▶ [Stored data]:

________

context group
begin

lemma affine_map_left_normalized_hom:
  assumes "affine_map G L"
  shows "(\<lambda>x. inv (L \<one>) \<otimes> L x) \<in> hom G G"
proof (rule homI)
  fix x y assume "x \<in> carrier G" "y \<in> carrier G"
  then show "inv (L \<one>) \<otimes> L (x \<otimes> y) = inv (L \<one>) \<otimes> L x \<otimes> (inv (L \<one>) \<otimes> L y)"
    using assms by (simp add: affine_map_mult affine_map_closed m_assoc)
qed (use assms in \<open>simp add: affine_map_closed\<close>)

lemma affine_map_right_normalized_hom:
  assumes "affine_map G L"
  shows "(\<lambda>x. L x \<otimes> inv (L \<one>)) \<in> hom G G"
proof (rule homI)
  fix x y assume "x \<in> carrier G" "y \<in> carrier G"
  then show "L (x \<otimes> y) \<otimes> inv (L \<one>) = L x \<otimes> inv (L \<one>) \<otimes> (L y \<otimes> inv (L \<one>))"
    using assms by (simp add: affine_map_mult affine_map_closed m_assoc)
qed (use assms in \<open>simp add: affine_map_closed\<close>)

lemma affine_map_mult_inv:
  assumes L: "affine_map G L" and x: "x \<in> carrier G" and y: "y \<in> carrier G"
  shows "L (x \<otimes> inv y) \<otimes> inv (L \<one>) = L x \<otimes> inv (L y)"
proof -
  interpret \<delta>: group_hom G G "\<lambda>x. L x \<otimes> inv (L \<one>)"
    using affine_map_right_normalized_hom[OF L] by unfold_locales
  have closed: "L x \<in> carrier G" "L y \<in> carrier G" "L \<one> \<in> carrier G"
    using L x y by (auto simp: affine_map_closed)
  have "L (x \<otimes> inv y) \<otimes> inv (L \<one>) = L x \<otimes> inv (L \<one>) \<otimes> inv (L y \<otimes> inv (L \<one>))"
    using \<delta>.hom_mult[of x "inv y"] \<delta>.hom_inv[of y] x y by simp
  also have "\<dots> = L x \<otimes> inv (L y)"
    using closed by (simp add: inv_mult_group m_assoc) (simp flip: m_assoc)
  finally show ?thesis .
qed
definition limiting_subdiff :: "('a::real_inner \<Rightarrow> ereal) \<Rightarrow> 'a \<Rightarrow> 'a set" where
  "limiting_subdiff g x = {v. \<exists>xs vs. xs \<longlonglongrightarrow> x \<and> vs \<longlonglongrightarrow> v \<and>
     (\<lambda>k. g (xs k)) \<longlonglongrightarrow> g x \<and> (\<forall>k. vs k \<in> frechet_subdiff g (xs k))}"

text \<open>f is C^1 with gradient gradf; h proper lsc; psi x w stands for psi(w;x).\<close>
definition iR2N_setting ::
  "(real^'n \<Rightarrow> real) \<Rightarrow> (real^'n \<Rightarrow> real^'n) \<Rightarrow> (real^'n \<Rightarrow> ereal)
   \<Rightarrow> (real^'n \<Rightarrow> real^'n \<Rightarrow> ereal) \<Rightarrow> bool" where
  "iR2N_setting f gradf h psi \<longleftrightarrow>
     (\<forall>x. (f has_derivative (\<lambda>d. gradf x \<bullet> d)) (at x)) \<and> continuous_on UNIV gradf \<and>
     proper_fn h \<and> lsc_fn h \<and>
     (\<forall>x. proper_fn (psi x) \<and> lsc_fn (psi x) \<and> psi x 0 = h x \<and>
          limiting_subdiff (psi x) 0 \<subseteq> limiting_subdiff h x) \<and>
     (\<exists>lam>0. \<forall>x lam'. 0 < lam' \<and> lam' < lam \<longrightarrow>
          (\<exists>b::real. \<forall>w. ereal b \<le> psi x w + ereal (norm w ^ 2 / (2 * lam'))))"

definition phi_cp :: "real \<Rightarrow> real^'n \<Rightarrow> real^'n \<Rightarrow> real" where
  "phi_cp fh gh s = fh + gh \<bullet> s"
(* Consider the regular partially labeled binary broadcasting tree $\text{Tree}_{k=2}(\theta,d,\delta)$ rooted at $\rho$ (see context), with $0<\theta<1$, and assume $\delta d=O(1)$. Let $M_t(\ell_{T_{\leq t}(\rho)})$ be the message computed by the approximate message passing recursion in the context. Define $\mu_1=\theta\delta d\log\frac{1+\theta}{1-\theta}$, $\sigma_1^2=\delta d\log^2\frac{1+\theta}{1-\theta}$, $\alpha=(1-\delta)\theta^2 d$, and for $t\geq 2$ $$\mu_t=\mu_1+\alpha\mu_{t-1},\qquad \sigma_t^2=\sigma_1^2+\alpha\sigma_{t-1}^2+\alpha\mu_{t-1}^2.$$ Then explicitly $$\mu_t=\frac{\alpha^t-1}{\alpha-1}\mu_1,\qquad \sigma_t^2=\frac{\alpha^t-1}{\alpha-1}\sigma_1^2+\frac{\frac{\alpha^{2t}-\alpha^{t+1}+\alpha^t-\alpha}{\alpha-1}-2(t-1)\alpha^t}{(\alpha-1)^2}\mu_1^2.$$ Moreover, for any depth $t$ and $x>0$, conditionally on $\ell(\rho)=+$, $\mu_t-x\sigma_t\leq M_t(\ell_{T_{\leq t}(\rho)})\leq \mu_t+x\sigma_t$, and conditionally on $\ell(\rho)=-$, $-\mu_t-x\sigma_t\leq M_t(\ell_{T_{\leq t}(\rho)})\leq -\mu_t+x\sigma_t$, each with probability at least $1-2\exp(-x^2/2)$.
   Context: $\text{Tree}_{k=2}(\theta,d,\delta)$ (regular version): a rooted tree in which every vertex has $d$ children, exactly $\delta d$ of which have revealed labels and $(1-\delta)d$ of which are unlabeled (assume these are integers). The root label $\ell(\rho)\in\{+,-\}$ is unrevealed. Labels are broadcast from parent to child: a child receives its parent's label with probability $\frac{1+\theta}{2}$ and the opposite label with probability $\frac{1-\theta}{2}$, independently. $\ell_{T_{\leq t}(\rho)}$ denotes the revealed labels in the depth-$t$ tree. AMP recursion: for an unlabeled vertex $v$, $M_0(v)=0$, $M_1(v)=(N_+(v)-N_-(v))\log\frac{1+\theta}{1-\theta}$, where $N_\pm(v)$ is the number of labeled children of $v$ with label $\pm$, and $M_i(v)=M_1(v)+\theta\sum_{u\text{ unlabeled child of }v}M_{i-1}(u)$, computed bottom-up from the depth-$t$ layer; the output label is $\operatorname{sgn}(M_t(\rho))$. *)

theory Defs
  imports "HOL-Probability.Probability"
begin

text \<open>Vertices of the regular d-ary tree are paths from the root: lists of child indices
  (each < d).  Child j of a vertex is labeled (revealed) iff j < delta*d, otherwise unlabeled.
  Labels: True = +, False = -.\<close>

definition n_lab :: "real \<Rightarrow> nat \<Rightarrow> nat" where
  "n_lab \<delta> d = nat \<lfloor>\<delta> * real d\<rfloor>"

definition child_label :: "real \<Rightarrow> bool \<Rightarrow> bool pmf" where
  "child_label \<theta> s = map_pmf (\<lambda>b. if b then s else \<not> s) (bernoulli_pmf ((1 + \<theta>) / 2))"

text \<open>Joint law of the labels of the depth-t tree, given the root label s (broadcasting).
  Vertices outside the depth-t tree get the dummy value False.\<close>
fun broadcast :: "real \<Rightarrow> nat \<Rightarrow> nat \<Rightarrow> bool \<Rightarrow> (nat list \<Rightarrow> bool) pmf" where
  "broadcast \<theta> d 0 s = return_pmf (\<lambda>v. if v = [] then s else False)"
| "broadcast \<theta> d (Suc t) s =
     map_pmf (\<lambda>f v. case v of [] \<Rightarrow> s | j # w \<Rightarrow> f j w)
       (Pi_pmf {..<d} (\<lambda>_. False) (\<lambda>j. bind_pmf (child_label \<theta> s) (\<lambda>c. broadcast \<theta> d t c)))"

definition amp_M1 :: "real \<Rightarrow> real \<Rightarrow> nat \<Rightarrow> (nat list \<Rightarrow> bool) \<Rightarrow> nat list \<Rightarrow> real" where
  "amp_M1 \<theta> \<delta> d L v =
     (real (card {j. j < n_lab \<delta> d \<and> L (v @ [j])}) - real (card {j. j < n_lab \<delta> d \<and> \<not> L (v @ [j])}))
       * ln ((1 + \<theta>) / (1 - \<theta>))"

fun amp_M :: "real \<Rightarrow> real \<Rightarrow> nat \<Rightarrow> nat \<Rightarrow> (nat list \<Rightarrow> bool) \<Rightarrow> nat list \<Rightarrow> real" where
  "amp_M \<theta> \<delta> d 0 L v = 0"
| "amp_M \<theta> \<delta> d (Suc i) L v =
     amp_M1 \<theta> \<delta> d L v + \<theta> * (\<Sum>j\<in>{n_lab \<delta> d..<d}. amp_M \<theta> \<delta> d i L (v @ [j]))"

________

Your answer should be the lines above from the one containing "using \<delta>.hom_mult[of x" through the one containing "fh + gh \<bullet>", copied exactly and with both ends kept.

    using \<delta>.hom_mult[of x "inv y"] \<delta>.hom_inv[of y] x y by simp
  also have "\<dots> = L x \<otimes> inv (L y)"
    using closed by (simp add: inv_mult_group m_assoc) (simp flip: m_assoc)
  finally show ?thesis .
qed
definition limiting_subdiff :: "('a::real_inner \<Rightarrow> ereal) \<Rightarrow> 'a \<Rightarrow> 'a set" where
  "limiting_subdiff g x = {v. \<exists>xs vs. xs \<longlonglongrightarrow> x \<and> vs \<longlonglongrightarrow> v \<and>
     (\<lambda>k. g (xs k)) \<longlonglongrightarrow> g x \<and> (\<forall>k. vs k \<in> frechet_subdiff g (xs k))}"

text \<open>f is C^1 with gradient gradf; h proper lsc; psi x w stands for psi(w;x).\<close>
definition iR2N_setting ::
  "(real^'n \<Rightarrow> real) \<Rightarrow> (real^'n \<Rightarrow> real^'n) \<Rightarrow> (real^'n \<Rightarrow> ereal)
   \<Rightarrow> (real^'n \<Rightarrow> real^'n \<Rightarrow> ereal) \<Rightarrow> bool" where
  "iR2N_setting f gradf h psi \<longleftrightarrow>
     (\<forall>x. (f has_derivative (\<lambda>d. gradf x \<bullet> d)) (at x)) \<and> continuous_on UNIV gradf \<and>
     proper_fn h \<and> lsc_fn h \<and>
     (\<forall>x. proper_fn (psi x) \<and> lsc_fn (psi x) \<and> psi x 0 = h x \<and>
          limiting_subdiff (psi x) 0 \<subseteq> limiting_subdiff h x) \<and>
     (\<exists>lam>0. \<forall>x lam'. 0 < lam' \<and> lam' < lam \<longrightarrow>
          (\<exists>b::real. \<forall>w. ereal b \<le> psi x w + ereal (norm w ^ 2 / (2 * lam'))))"

definition phi_cp :: "real \<Rightarrow> real^'n \<Rightarrow> real^'n \<Rightarrow> real" where
  "phi_cp fh gh s = fh + gh \<bullet> s"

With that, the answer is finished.